lemma marg_fst_image: "marg_fst ` {P::'a::finite \<times> 'b::finite \<Rightarrow> real. is_distr P} = {P. is_distr P}"
proof -
  obtain Q :: "'b \<Rightarrow> real" where "is_distr Q" using is_distr_ex by blast
  then have "P = marg_fst (product_distr P Q)" "is_distr (product_distr P Q)" if "is_distr P" for P
    using that by (simp_all add: marg_fst_product is_distr_product)
  then show ?thesis by (auto simp: is_distr_marg_fst image_iff)
qed

lemma marg_snd_image: "marg_snd ` {P::'a::finite \<times> 'b::finite \<Rightarrow> real. is_distr P} = {P. is_distr P}"
proof -
  obtain Q :: "'a \<Rightarrow> real" where "is_distr Q" using is_distr_ex by blast
  then have "P = marg_snd (product_distr Q P)" "is_distr (product_distr Q P)" if "is_distr P" for P
    using that by (simp_all add: marg_snd_product is_distr_product)
  then show ?thesis by (auto simp: is_distr_marg_snd image_iff)
qed

lemma product_of_marginals:
  assumes "is_distr P" "is_distr Q"
  shows "is_distr (product_distr (marg_fst P) (marg_snd Q))"
    and "marg_fst (product_distr (marg_fst P) (marg_snd Q)) = marg_fst P"
    and "marg_snd (product_distr (marg_fst P) (marg_snd Q)) = marg_snd Q"
  using assms by (simp_all add: is_distr_product is_distr_marg_fst is_distr_marg_snd
      marg_fst_product marg_snd_product)

lemma INF_marginals_add:
  fixes f :: "('a::finite \<Rightarrow> real) \<Rightarrow> ereal" and g :: "('b::finite \<Rightarrow> real) \<Rightarrow> ereal"
  assumes f: "\<And>P. is_distr P \<Longrightarrow> 0 \<le> f P" and g: "\<And>P. is_distr P \<Longrightarrow> 0 \<le> g P"
  shows "(INF R\<in>{R. is_distr R}. f (marg_fst R) + g (marg_snd R))
    = (INF P\<in>{P. is_distr P}. f P) + (INF Q\<in>{Q. is_distr Q}. g Q)"
proof -
  have "(INF R\<in>{R. is_distr R}. f (marg_fst R) + g (marg_snd R))
      = (INF R\<in>{R::'a \<times> 'b \<Rightarrow> real. is_distr R}. f (marg_fst R))
        + (INF R\<in>{R::'a \<times> 'b \<Rightarrow> real. is_distr R}. g (marg_snd R))"
  proof (rule INF_ereal_add_directed[where f = "\<lambda>R. f (marg_fst R)" and g = "\<lambda>R. g (marg_snd R)"])
    fix R R' :: "'a \<times> 'b \<Rightarrow> real" assume "R \<in> {R. is_distr R}" "R' \<in> {R. is_distr R}"
    then show "\<exists>S\<in>{R. is_distr R}. f (marg_fst R) + g (marg_snd R') \<ge> f (marg_fst S) + g (marg_snd S)"
      using product_of_marginals[of R R'] by force
  qed (auto intro!: f g is_distr_marg_fst is_distr_marg_snd)
  then show ?thesis
    by (simp only: image_image[of f marg_fst, symmetric] image_image[of g marg_snd, symmetric]
        marg_fst_image marg_snd_image)
qed

lemma SUP_marginals_add:
  fixes f :: "('a::finite \<Rightarrow> real) \<Rightarrow> ereal" and g :: "('b::finite \<Rightarrow> real) \<Rightarrow> ereal"
  assumes f: "\<And>P. is_distr P \<Longrightarrow> 0 \<le> f P" and g: "\<And>P. is_distr P \<Longrightarrow> 0 \<le> g P"
  shows "(SUP R\<in>{R. is_distr R}. f (marg_fst R) + g (marg_snd R))
    = (SUP P\<in>{P. is_distr P}. f P) + (SUP Q\<in>{Q. is_distr Q}. g Q)"
proof -
  have "(SUP R\<in>{R. is_distr R}. f (marg_fst R) + g (marg_snd R))
      = (SUP R\<in>{R::'a \<times> 'b \<Rightarrow> real. is_distr R}. f (marg_fst R))
        + (SUP R\<in>{R::'a \<times> 'b \<Rightarrow> real. is_distr R}. g (marg_snd R))"
  proof (rule SUP_ereal_add_directed[where f = "\<lambda>R. f (marg_fst R)" and g = "\<lambda>R. g (marg_snd R)"])
    fix R R' :: "'a \<times> 'b \<Rightarrow> real" assume "R \<in> {R. is_distr R}" "R' \<in> {R. is_distr R}"
    then show "\<exists>S\<in>{R. is_distr R}. f (marg_fst R) + g (marg_snd R') \<le> f (marg_fst S) + g (marg_snd S)"
      using product_of_marginals[of R R'] by force
  qed (auto intro!: f g is_distr_marg_fst is_distr_marg_snd)
  then show ?thesis
    by (simp only: image_image[of f marg_fst, symmetric] image_image[of g marg_snd, symmetric]
        marg_fst_image marg_snd_image)
qed

definition U_div ::
  "('x::finite \<Rightarrow> 'y::finite \<Rightarrow> real) \<Rightarrow> ('x \<Rightarrow> real) \<Rightarrow> ('y \<Rightarrow> real) \<Rightarrow> ereal" where
  "U_div W P Q = KL_div (product_distr P Q) (joint_distr P W)"

definition U_inf :: "('x::finite \<Rightarrow> 'y::finite \<Rightarrow> real) \<Rightarrow> ('x \<Rightarrow> real) \<Rightarrow> ereal" where
  "U_inf W P = (INF Q\<in>{Q. is_distr Q}. U_div W P Q)"

lemma U_channel_eq_SUP_U_inf: "U_channel W = (SUP P\<in>{P. is_distr P}. U_inf W P)"
  by (simp add: U_channel_def U_inf_def U_div_def product_distr_def joint_distr_def)

lemma U_div_nonneg: "is_channel W \<Longrightarrow> is_distr P \<Longrightarrow> is_distr Q \<Longrightarrow> 0 \<le> U_div W P Q"
  unfolding U_div_def by (intro KL_div_nonneg is_distr_product is_distr_joint)

lemma U_inf_nonneg: "is_channel W \<Longrightarrow> is_distr P \<Longrightarrow> 0 \<le> U_inf W P"
  unfolding U_inf_def by (auto intro: INF_greatest U_div_nonneg)

lemma abs_cont_product_joint:
  "abs_cont (product_distr P Q) (joint_distr P W) \<longleftrightarrow> (\<forall>x y. P x \<noteq> 0 \<longrightarrow> Q y \<noteq> 0 \<longrightarrow> W x y \<noteq> 0)"
  unfolding abs_cont_def product_distr_def joint_distr_def by auto

lemma U_div_abs_cont:
  "abs_cont (product_distr P Q) (joint_distr P W) \<Longrightarrow>
    U_div W P Q = ereal (\<Sum>x\<in>UNIV. \<Sum>y\<in>UNIV. P x * Q y * ln (P x * Q y / (P x * W x y)))"
  unfolding U_div_def by (simp add: KL_div_abs_cont sum_UNIV_prod product_distr_def joint_distr_def)

lemma abs_cont_prod_channel_iff:
  assumes "is_distr P" "is_distr Q"
  shows "abs_cont (product_distr P Q) (joint_distr P (prod_channel W1 W2)) \<longleftrightarrow>
    abs_cont (product_distr (marg_fst P) (marg_fst Q)) (joint_distr (marg_fst P) W1) \<and>
    abs_cont (product_distr (marg_snd P) (marg_snd Q)) (joint_distr (marg_snd P) W2)"
  using assms unfolding abs_cont_product_joint
  by (simp add: marg_fst_eq_0_iff marg_snd_eq_0_iff prod_channel_def) blast

lemma abs_cont_product_marginals:
  "is_distr Q \<Longrightarrow> abs_cont Q (product_distr (marg_fst Q) (marg_snd Q))"
  unfolding abs_cont_def product_distr_def by (auto simp: marg_fst_eq_0_iff marg_snd_eq_0_iff)

lemma U_div_prod_channel_abs_cont:
  fixes W1 :: "'x1::finite \<Rightarrow> 'y1::finite \<Rightarrow> real" and W2 :: "'x2::finite \<Rightarrow> 'y2::finite \<Rightarrow> real"
  assumes W1: "is_channel W1" and W2: "is_channel W2" and P: "is_distr P" and Q: "is_distr Q"
    and ac: "abs_cont (product_distr P Q) (joint_distr P (prod_channel W1 W2))"
  defines "P1 \<equiv> marg_fst P" and "P2 \<equiv> marg_snd P" and "Q1 \<equiv> marg_fst Q" and "Q2 \<equiv> marg_snd Q"
  shows "U_div (prod_channel W1 W2) P Q
    = KL_div Q (product_distr Q1 Q2) + U_div W1 P1 Q1 + U_div W2 P2 Q2"
proof -
  define L0 where "L0 y = ln (Q y / (Q1 (fst y) * Q2 (snd y)))" for y
  define L1 where "L1 a b = ln (P1 a * Q1 b / (P1 a * W1 a b))" for a b
  define L2 where "L2 a b = ln (P2 a * Q2 b / (P2 a * W2 a b))" for a b
  have ac1: "abs_cont (product_distr P1 Q1) (joint_distr P1 W1)"
    and ac2: "abs_cont (product_distr P2 Q2) (joint_distr P2 W2)"
    using ac abs_cont_prod_channel_iff[OF P Q] by (simp_all add: P1_def P2_def Q1_def Q2_def)
  have pointwise: "P x * Q y * ln (P x * Q y / (P x * prod_channel W1 W2 x y))
      = P x * Q y * L0 y + P x * Q y * L1 (fst x) (fst y) + P x * Q y * L2 (snd x) (snd y)" for x y
  proof (cases "P x = 0 \<or> Q y = 0")
    case False
    obtain x1 x2 y1 y2 where xy: "x = (x1, x2)" "y = (y1, y2)" by fastforce
    have "0 < P1 x1" "0 < P2 x2" "0 < Q1 y1" "0 < Q2 y2"
      using False xy is_distr_nonneg[OF is_distr_marg_fst[OF P]] is_distr_nonneg[OF is_distr_marg_snd[OF P]]
        is_distr_nonneg[OF is_distr_marg_fst[OF Q]] is_distr_nonneg[OF is_distr_marg_snd[OF Q]]
      by (auto simp: P1_def P2_def Q1_def Q2_def less_le marg_fst_eq_0_iff[OF P]
          marg_snd_eq_0_iff[OF P] marg_fst_eq_0_iff[OF Q] marg_snd_eq_0_iff[OF Q])
    moreover have "0 < P x" "0 < Q y"
      using False is_distr_nonneg[OF P, of x] is_distr_nonneg[OF Q, of y] by auto
    moreover have "0 < W1 x1 y1" "0 < W2 x2 y2"
      using ac False xy W1 W2 unfolding abs_cont_product_joint
      by (auto simp: prod_channel_def is_channel_def less_le is_distr_nonneg)
    ultimately show ?thesis
      using xy by (simp add: L0_def L1_def L2_def prod_channel_def ln_div ln_mult algebra_simps)
  qed auto
  have sum0: "(\<Sum>x\<in>UNIV. \<Sum>y\<in>UNIV. P x * Q y * L0 y) = (\<Sum>y\<in>UNIV. Q y * L0 y)"
    using is_distr_sum[OF P] by (simp add: sum_product[symmetric] mult.assoc)
  have sum1: "(\<Sum>x\<in>UNIV. \<Sum>y\<in>UNIV. P x * Q y * L1 (fst x) (fst y))
      = (\<Sum>a\<in>UNIV. \<Sum>b\<in>UNIV. P1 a * Q1 b * L1 a b)"
    unfolding P1_def Q1_def by (rule sum_product_marg_fst)
  have sum2: "(\<Sum>x\<in>UNIV. \<Sum>y\<in>UNIV. P x * Q y * L2 (snd x) (snd y))
      = (\<Sum>a\<in>UNIV. \<Sum>b\<in>UNIV. P2 a * Q2 b * L2 a b)"
    unfolding P2_def Q2_def by (rule sum_product_marg_snd)
  have "U_div (prod_channel W1 W2) P Q = ereal (\<Sum>x\<in>UNIV. \<Sum>y\<in>UNIV.
      P x * Q y * L0 y + P x * Q y * L1 (fst x) (fst y) + P x * Q y * L2 (snd x) (snd y))"
    by (simp only: U_div_abs_cont[OF ac] pointwise)
  also have "\<dots> = ereal (\<Sum>y\<in>UNIV. Q y * L0 y)
      + ereal (\<Sum>a\<in>UNIV. \<Sum>b\<in>UNIV. P1 a * Q1 b * L1 a b)
      + ereal (\<Sum>a\<in>UNIV. \<Sum>b\<in>UNIV. P2 a * Q2 b * L2 a b)"
    by (simp add: sum.distrib sum0 sum1 sum2)
  also have "\<dots> = KL_div Q (product_distr Q1 Q2) + U_div W1 P1 Q1 + U_div W2 P2 Q2"
  proof -
    have "KL_div Q (product_distr Q1 Q2) = ereal (\<Sum>y\<in>UNIV. Q y * L0 y)"
      using abs_cont_product_marginals[OF Q]
      by (simp add: KL_div_abs_cont L0_def product_distr_def case_prod_beta Q1_def Q2_def)
    then show ?thesis
      by (simp add: U_div_abs_cont[OF ac1] U_div_abs_cont[OF ac2] L1_def L2_def)
  qed
  finally show ?thesis .
qed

■ ■ ■ ■ ■

■ Assignment ■
Read the entries above, then pull out the lines that include "blast".

■ Written answer ■
  obtain Q :: "'b \<Rightarrow> real" where "is_distr Q" using is_distr_ex by blast
  obtain Q :: "'a \<Rightarrow> real" where "is_distr Q" using is_distr_ex by blast
  by (simp add: marg_fst_eq_0_iff marg_snd_eq_0_iff prod_channel_def) blast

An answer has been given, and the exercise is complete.